[[ INPUT DATA, beginning ]]
lemma Sup_add_shift:
  fixes A B :: "ereal set"
  assumes "finite A" "c \<noteq> \<infinity>" "\<infinity> \<notin> A" "B - {-\<infinity>} \<subseteq> (+) c ` A" "(+) c ` A \<subseteq> B"
  shows "Sup B = c + Sup A"
proof (rule antisym)
  show "Sup B \<le> c + Sup A"
  proof (rule Sup_least)
    fix b assume "b \<in> B"
    then show "b \<le> c + Sup A"
      using assms(4) by (cases "b = -\<infinity>") (auto intro: add_left_mono Sup_upper)
  qed
  show "c + Sup A \<le> Sup B"
  proof (cases "A = {}")
    case True
    then show ?thesis using assms(2) by (cases c) (simp_all add: bot_ereal_def)
  next
    case False
    have "Sup A \<in> A" by (rule finite_Sup_in) (use assms(1) False in \<open>auto simp: sup_max max_def\<close>)
    then show ?thesis using assms(5) by (auto intro: Sup_upper)
  qed
qed

lemma xext_not_PInf: "x \<in> tspace N \<Longrightarrow> k \<le> N \<Longrightarrow> xext x k \<noteq> \<infinity>"
  unfolding tspace_def xext_def trop_def by (auto dest!: bspec[where x = "x ! (k - 1)"])

lemma metzler_familyD:
  "metzler_family m N Q \<Longrightarrow> k \<le> N \<Longrightarrow> i < m \<Longrightarrow> j < m \<Longrightarrow>
    valid_strop (Q k i j) \<and> Q k i j = Q k j i \<and> (i \<noteq> j \<longrightarrow> fst (Q k i j) \<le> 0)"
  unfolding metzler_family_def by blast

lemma metzler_family_entry_not_PInf:
  assumes "metzler_family m N Q" "k \<le> N" "i < m" "j < m"
  shows "snd (Q k i j) \<noteq> \<infinity>"
proof -
  have "valid_strop (Q k i j)"
    using metzler_familyD[OF assms] by blast
  then show ?thesis
    unfolding valid_strop_def by auto
qed
theorem theorem3:
  fixes V :: "'a set" and E :: "'a \<Rightarrow> 'a \<Rightarrow> bool"
  assumes "tree V E" and "infinite V" and "locally_finite V E"
  shows "metric_dimension V E \<noteq> \<infinity> \<longleftrightarrow> finite {v \<in> V. degree E v \<ge> 3}"
proof -
  interpret tree_graph V E using tree_graph_of_tree[OF assms(1)] .
  have "metric_dimension V E \<noteq> \<infinity> \<longleftrightarrow> (\<exists>S. resolving_set V E S \<and> finite S)"
    unfolding metric_dimension_def by simp
  then show ?thesis
    using finite_branching_resolving[OF assms(2,3)] finite_resolving_finite_branching[OF assms(3)]
    by blast
qed

end
lemma deriv_right_inversion:
  assumes "deriv c S" and "snd S = add_mset F D" and "right_inversion_premise F = Some P"
  shows "deriv c (sdot P (fst S, D))"
proof -
  have not_principal: "Atom p \<noteq> F" "FAnd x y \<noteq> F" "Box x \<noteq> F" "Cond x y \<noteq> F" for p x y
    using assms(3) by auto
  have not_conditional: "image_mset condf Q \<noteq> add_mset F K" for Q K
    using not_principal(4) image_mset_eq_add_msetD[of condf Q F K] by (auto simp: condf_def)
  show ?thesis
    using assms(1,2)
  proof (induction arbitrary: D rule: deriv.induct)
    case (ax_atom \<Gamma> p \<Delta>)
    obtain C where "\<Delta> = add_mset F C" "D = add_mset (Atom p) C"
      using ax_atom.prems not_principal by (auto simp: add_eq_conv_ex)
    then show ?case using deriv.ax_atom[of c "fst P + \<Gamma>" p "snd P + C"] by (simp add: sdot_def ac_simps)
  next
    case (ax_bot \<Gamma> \<Delta>)
    show ?case using deriv.ax_bot[of c "fst P + \<Gamma>" "snd P + D"] by (simp add: sdot_def ac_simps)
  next
    case (L_and \<Gamma> a b \<Delta>)
    then show ?case using deriv.L_and[of c "fst P + \<Gamma>" a b "snd P + D"] by (simp add: sdot_def ac_simps)
  next
    case (R_and \<Gamma> a \<Delta> b)
    obtain C where C: "\<Delta> = add_mset F C" "D = add_mset (FAnd a b) C"
      using R_and.prems not_principal by (auto simp: add_eq_conv_ex)
    then show ?case using R_and.IH(1)[of "add_mset a C"] R_and.IH(2)[of "add_mset b C"]
        deriv.R_and[of c "fst P + \<Gamma>" a "snd P + C" b] by (simp add: sdot_def ac_simps)
  next
    case (L_or \<Gamma> a \<Delta> b)
    then show ?case using deriv.L_or[of c "fst P + \<Gamma>" a "snd P + D" b] by (simp add: sdot_def ac_simps)
  next
    case (R_or \<Gamma> a b \<Delta>)
    show ?case
    proof (cases "FOr a b = F \<and> \<Delta> = D")
      case True
      then show ?thesis using R_or.hyps assms(3) by (auto simp: sdot_def ac_simps)
    next
      case False
      obtain C where "\<Delta> = add_mset F C" "D = add_mset (FOr a b) C"
        using R_or.prems False by (auto simp: add_eq_conv_ex)
      then show ?thesis using R_or.IH[of "add_mset a (add_mset b C)"]
          deriv.R_or[of c "fst P + \<Gamma>" a b "snd P + C"] by (simp add: sdot_def ac_simps)
    qed
  next
    case (L_imp \<Gamma> a \<Delta> b)
    then show ?case using L_imp.IH(1)[of "add_mset a D"]
        deriv.L_imp[of c "fst P + \<Gamma>" a "snd P + D" b] by (simp add: sdot_def ac_simps)
  next
    case (R_imp \<Gamma> a b \<Delta>)
    show ?case
    proof (cases "FImp a b = F \<and> \<Delta> = D")
      case True
      then show ?thesis using R_imp.hyps assms(3) by (auto simp: sdot_def ac_simps)
    next
      case False
      obtain C where "\<Delta> = add_mset F C" "D = add_mset (FImp a b) C"
        using R_imp.prems False by (auto simp: add_eq_conv_ex)
      then show ?thesis using R_imp.IH[of "add_mset b C"]
          deriv.R_imp[of c "fst P + \<Gamma>" a b "snd P + C"] by (simp add: sdot_def ac_simps)
    qed
  next
    case (LW \<Gamma> \<Delta> a)
    then show ?case using deriv.LW[of c "fst P + \<Gamma>" "snd P + D" a] by (simp add: sdot_def ac_simps)
  next
    case (RW \<Gamma> \<Delta> a)
    show ?case
    proof (cases "a = F \<and> \<Delta> = D")
      case True
      then show ?thesis using RW.hyps deriv_weaken_by_LW_RW[of c \<Gamma> \<Delta> "fst P" "snd P"] by (simp add: sdot_def ac_simps)
    next
      case False
      obtain C where "\<Delta> = add_mset F C" "D = add_mset a C"
        using RW.prems False by (auto simp: add_eq_conv_ex)
      then show ?thesis using RW.IH[of C] RW.hyps
          deriv.RW[of c "fst P + \<Gamma>" "snd P + C" a] by (simp add: sdot_def ac_simps)
    qed
  next
    case (rEC phis b \<Sigma> \<Lambda>)
    obtain C where C: "\<Lambda> = add_mset F C" "D = add_mset (Box b) C"
      using rEC.prems not_principal by (auto simp: add_eq_conv_ex)
    have "deriv c ((fst P + \<Sigma>) + mset (map Box phis), {#Box b#} + (snd P + C))"
      by (rule deriv.rEC) (use rEC in auto)
    then show ?case using C by (simp add: sdot_def ac_simps)
  next
    case (rNW b \<Sigma> \<Lambda>)
    obtain C where "\<Lambda> = add_mset F C" "D = add_mset (Box b) C"
      using rNW.prems not_principal by (auto simp: add_eq_conv_ex)
    then show ?case using rNW.hyps deriv.rNW[of c b "fst P + \<Sigma>" "snd P + C"] by (simp add: sdot_def ac_simps)
  qed (use not_principal not_conditional in \<open>auto simp: add_eq_conv_ex\<close>)
qed

lemma deriv_R_imp_iff: "deriv c (\<Gamma>, add_mset (FImp a b) \<Delta>) \<longleftrightarrow> deriv c (add_mset a \<Gamma>, add_mset b \<Delta>)"
  using deriv_right_inversion[of c "(\<Gamma>, add_mset (FImp a b) \<Delta>)" "FImp a b" \<Delta>]
    deriv.R_imp[of c \<Gamma> a b \<Delta>] by (auto simp: sdot_def)

lemma deriv_R_or_iff: "deriv c (\<Gamma>, add_mset (FOr a b) \<Delta>) \<longleftrightarrow> deriv c (\<Gamma>, add_mset a (add_mset b \<Delta>))"
  using deriv_right_inversion[of c "(\<Gamma>, add_mset (FOr a b) \<Delta>)" "FOr a b" \<Delta>]
    deriv.R_or[of c \<Gamma> a b \<Delta>] by (auto simp: sdot_def)

lemma deriv_R_Bot_iff: "deriv c (\<Gamma>, add_mset Bot \<Delta>) \<longleftrightarrow> deriv c (\<Gamma>, \<Delta>)"
  using deriv_right_inversion[of c "(\<Gamma>, add_mset Bot \<Delta>)" Bot \<Delta>]
    deriv_weaken[of c \<Gamma> \<Delta> "{#}" "{#Bot#}"] by (auto simp: sdot_def)

lemma add_mset_eq_union_not_in:
  "add_mset x M = A + B \<Longrightarrow> x \<notin># B \<Longrightarrow> \<exists>C. A = add_mset x C \<and> M = C + B"
proof -
  assume eq: "add_mset x M = A + B" and x: "x \<notin># B"
  have "x \<in># A + B" unfolding eq[symmetric] by simp
  with x have "x \<in># A" by simp
  then have A: "A = add_mset x (A - {#x#})" by simp
  with eq have "add_mset x M = add_mset x ((A - {#x#}) + B)" by simp
  then have "M = (A - {#x#}) + B" by simp
  with A show ?thesis by blast
qed

lemma deriv_L_imp_inversion:
  assumes "deriv c S" and "fst S = add_mset (FImp a b) \<Gamma>"
  shows "deriv c (\<Gamma>, add_mset a (snd S))"
  using assms
proof (induction arbitrary: \<Gamma> rule: deriv.induct)
  case (ax_atom \<Gamma>' p \<Delta>)
  obtain C where "\<Gamma>' = add_mset (FImp a b) C" "\<Gamma> = add_mset (Atom p) C"
    using ax_atom.prems by (auto simp: add_eq_conv_ex)
  then show ?case using deriv.ax_atom[of c C p "add_mset a \<Delta>"] by (simp add: add_mset_commute)
next
  case (ax_bot \<Gamma>' \<Delta>)
  obtain C where "\<Gamma>' = add_mset (FImp a b) C" "\<Gamma> = add_mset Bot C"
    using ax_bot.prems by (auto simp: add_eq_conv_ex)
  then show ?case using deriv.ax_bot[of c C "add_mset a \<Delta>"] by (simp add: add_mset_commute)
next
  case (L_and \<Gamma>' x y \<Delta>)
  obtain C where "\<Gamma>' = add_mset (FImp a b) C" "\<Gamma> = add_mset (FAnd x y) C"
    using L_and.prems by (auto simp: add_eq_conv_ex)
  then show ?case using L_and.IH[of "add_mset x (add_mset y C)"]
      deriv.L_and[of c C x y "add_mset a \<Delta>"] by (simp add: add_mset_commute)
next
  case (R_and \<Gamma>' x \<Delta> y)
  show ?case using R_and.prems R_and.IH[of \<Gamma>] deriv.R_and[of c \<Gamma> x "add_mset a \<Delta>" y] by (simp add: add_mset_commute)
next
  case (L_or \<Gamma>' x \<Delta> y)
  obtain C where "\<Gamma>' = add_mset (FImp a b) C" "\<Gamma> = add_mset (FOr x y) C"
    using L_or.prems by (auto simp: add_eq_conv_ex)
  then show ?case using L_or.IH(1)[of "add_mset x C"] L_or.IH(2)[of "add_mset y C"]
      deriv.L_or[of c C x "add_mset a \<Delta>" y] by (simp add: add_mset_commute)
next
  case (R_or \<Gamma>' x y \<Delta>)
  show ?case using R_or.prems R_or.IH[of \<Gamma>] deriv.R_or[of c \<Gamma> x y "add_mset a \<Delta>"] by (simp add: add_mset_commute)
next
  case (L_imp \<Gamma>' x \<Delta> y)
  show ?case
  proof (cases "FImp x y = FImp a b \<and> \<Gamma>' = \<Gamma>")
    case True
    then show ?thesis using L_imp.hyps by simp
  next
    case False
    obtain C where "\<Gamma>' = add_mset (FImp a b) C" "\<Gamma> = add_mset (FImp x y) C"
      using L_imp.prems False by (auto simp: add_eq_conv_ex)
    then show ?thesis using L_imp.IH(1)[of C] L_imp.IH(2)[of "add_mset y C"]
        deriv.L_imp[of c C x "add_mset a \<Delta>" y] by (simp add: add_mset_commute)
  qed
next
  case (R_imp \<Gamma>' x y \<Delta>)
  show ?case using R_imp.prems R_imp.IH[of "add_mset x \<Gamma>"]
      deriv.R_imp[of c \<Gamma> x y "add_mset a \<Delta>"] by (simp add: add_mset_commute)
next
  case (LW \<Gamma>' \<Delta> x)
  show ?case
  proof (cases "x = FImp a b \<and> \<Gamma>' = \<Gamma>")
    case True
    then show ?thesis using LW.hyps deriv_weaken_by_LW_RW[of c \<Gamma> \<Delta> "{#}" "{#a#}"] by simp
  next
    case False
    obtain C where "\<Gamma>' = add_mset (FImp a b) C" "\<Gamma> = add_mset x C"
      using LW.prems False by (auto simp: add_eq_conv_ex)
    then show ?thesis using LW.IH[of C] LW.hyps deriv.LW[of c C "add_mset a \<Delta>" x] by simp
  qed
next
  case (RW \<Gamma>' \<Delta> x)
  show ?case using RW.prems RW.hyps RW.IH[of \<Gamma>] deriv.RW[of c \<Gamma> "add_mset a \<Delta>" x] by (simp add: add_mset_commute)
next
  case (rEC phis y \<Sigma> \<Lambda>)
  obtain C where C: "\<Sigma> = add_mset (FImp a b) C" "\<Gamma> = C + mset (map Box phis)"
    using add_mset_eq_union_not_in[of "FImp a b" \<Gamma> \<Sigma> "mset (map Box phis)"] rEC.prems by auto
  have "deriv c (C + mset (map Box phis), {#Box y#} + add_mset a \<Lambda>)"
    by (rule deriv.rEC) (use rEC in auto)
  then show ?case using C by (simp add: add_mset_commute)
next
  case (rNW y \<Sigma> \<Lambda>)
  then show ?case using deriv.rNW[of c y \<Gamma> "add_mset a \<Lambda>"] by (simp add: add_mset_commute)
qed (auto simp: condf_def dest!: image_mset_eq_add_msetD)

lemma deriv_L_neg_iff: "deriv c (add_mset (FImp a Bot) \<Gamma>, \<Delta>) \<longleftrightarrow> deriv c (\<Gamma>, add_mset a \<Delta>)"
  using deriv_L_imp_inversion[of c "(add_mset (FImp a Bot) \<Gamma>, \<Delta>)" a Bot \<Gamma>]
    deriv.L_imp[of c \<Gamma> a \<Delta> Bot] deriv.ax_bot[of c \<Gamma> \<Delta>] by auto

fun disjs :: "fm list \<Rightarrow> fm" where
  "disjs [] = Bot"
| "disjs (d # ds) = FOr d (disjs ds)"

fun imps :: "fm list \<Rightarrow> fm \<Rightarrow> fm" where
  "imps [] r = r"
| "imps (g # gs) r = FImp g (imps gs r)"

definition sequent_formula :: "fm list \<Rightarrow> fm list \<Rightarrow> fm" where
  "sequent_formula gs ds = imps gs (disjs ds)"

lemma deriv_disjs_iff: "deriv c (\<Gamma>, add_mset (disjs ds) \<Delta>) \<longleftrightarrow> deriv c (\<Gamma>, mset ds + \<Delta>)"
proof (induction ds arbitrary: \<Delta>)
  case (Cons d ds)
  show ?case using Cons.IH[of "add_mset d \<Delta>"] by (simp add: deriv_R_or_iff add_mset_commute)
qed (simp add: deriv_R_Bot_iff)

lemma deriv_imps_iff: "deriv c (\<Gamma>, add_mset (imps gs r) \<Delta>) \<longleftrightarrow> deriv c (\<Gamma> + mset gs, add_mset r \<Delta>)"
  by (induction gs arbitrary: \<Gamma>) (simp_all add: deriv_R_imp_iff)

lemma deriv_sequent_formula_iff:
  "deriv c (\<Gamma>, add_mset (sequent_formula gs ds) \<Delta>) \<longleftrightarrow> deriv c (\<Gamma> + mset gs, mset ds + \<Delta>)"
  by (simp add: sequent_formula_def deriv_imps_iff deriv_disjs_iff)

lemma inL_FImp [simp]: "inL c (FImp a b) \<longleftrightarrow> inL c a \<and> inL c b"
  and inL_FOr [simp]: "inL c (FOr a b) \<longleftrightarrow> inL c a \<and> inL c b"
  and inL_Bot [simp]: "inL c Bot"
  by (simp_all add: inL_def)

lemma inL_sequent_formula: "inL c (sequent_formula gs ds) \<longleftrightarrow> seqL c (mset gs, mset ds)"
proof -
  have "inL c (disjs ds) \<longleftrightarrow> (\<forall>d\<in>set ds. inL c d)" by (induction ds) auto
  moreover have "inL c (imps gs r) \<longleftrightarrow> (\<forall>g\<in>set gs. inL c g) \<and> inL c r" for r
    by (induction gs) auto
  ultimately show ?thesis by (auto simp: sequent_formula_def seqL_def)
qed

lemma FImp_mem_logic_iff:
  "inL c a \<Longrightarrow> inL c b \<Longrightarrow> FImp a b \<in> logic c \<longleftrightarrow> deriv c ({#a#}, {#b#})"
  using deriv_R_imp_iff[of c "{#}" a b "{#}"] by (simp add: logic_def)

locale variable_occurrence =
  fixes occ :: "fm \<Rightarrow> 'v set" and dual :: "'v \<Rightarrow> 'v"
  assumes dual_dual [simp]: "dual (dual v) = v"
    and occ_Bot [simp]: "occ Bot = {}"
    and occ_FOr [simp]: "occ (FOr a b) = occ a \<union> occ b"
    and occ_FImp [simp]: "occ (FImp a b) = dual ` occ a \<union> occ b"
begin

definition sequent_occ :: "seq \<Rightarrow> 'v set" where
  "sequent_occ S = (\<Union>a\<in>set_mset (fst S). dual ` occ a) \<union> (\<Union>b\<in>set_mset (snd S). occ b)"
[[ INPUT DATA, end ]]
▸ WHAT IS BEING ASKED
State how many lines of the data above contain the word "definition", and include nothing other than that number.

▸ FINISHED EXERCISE
2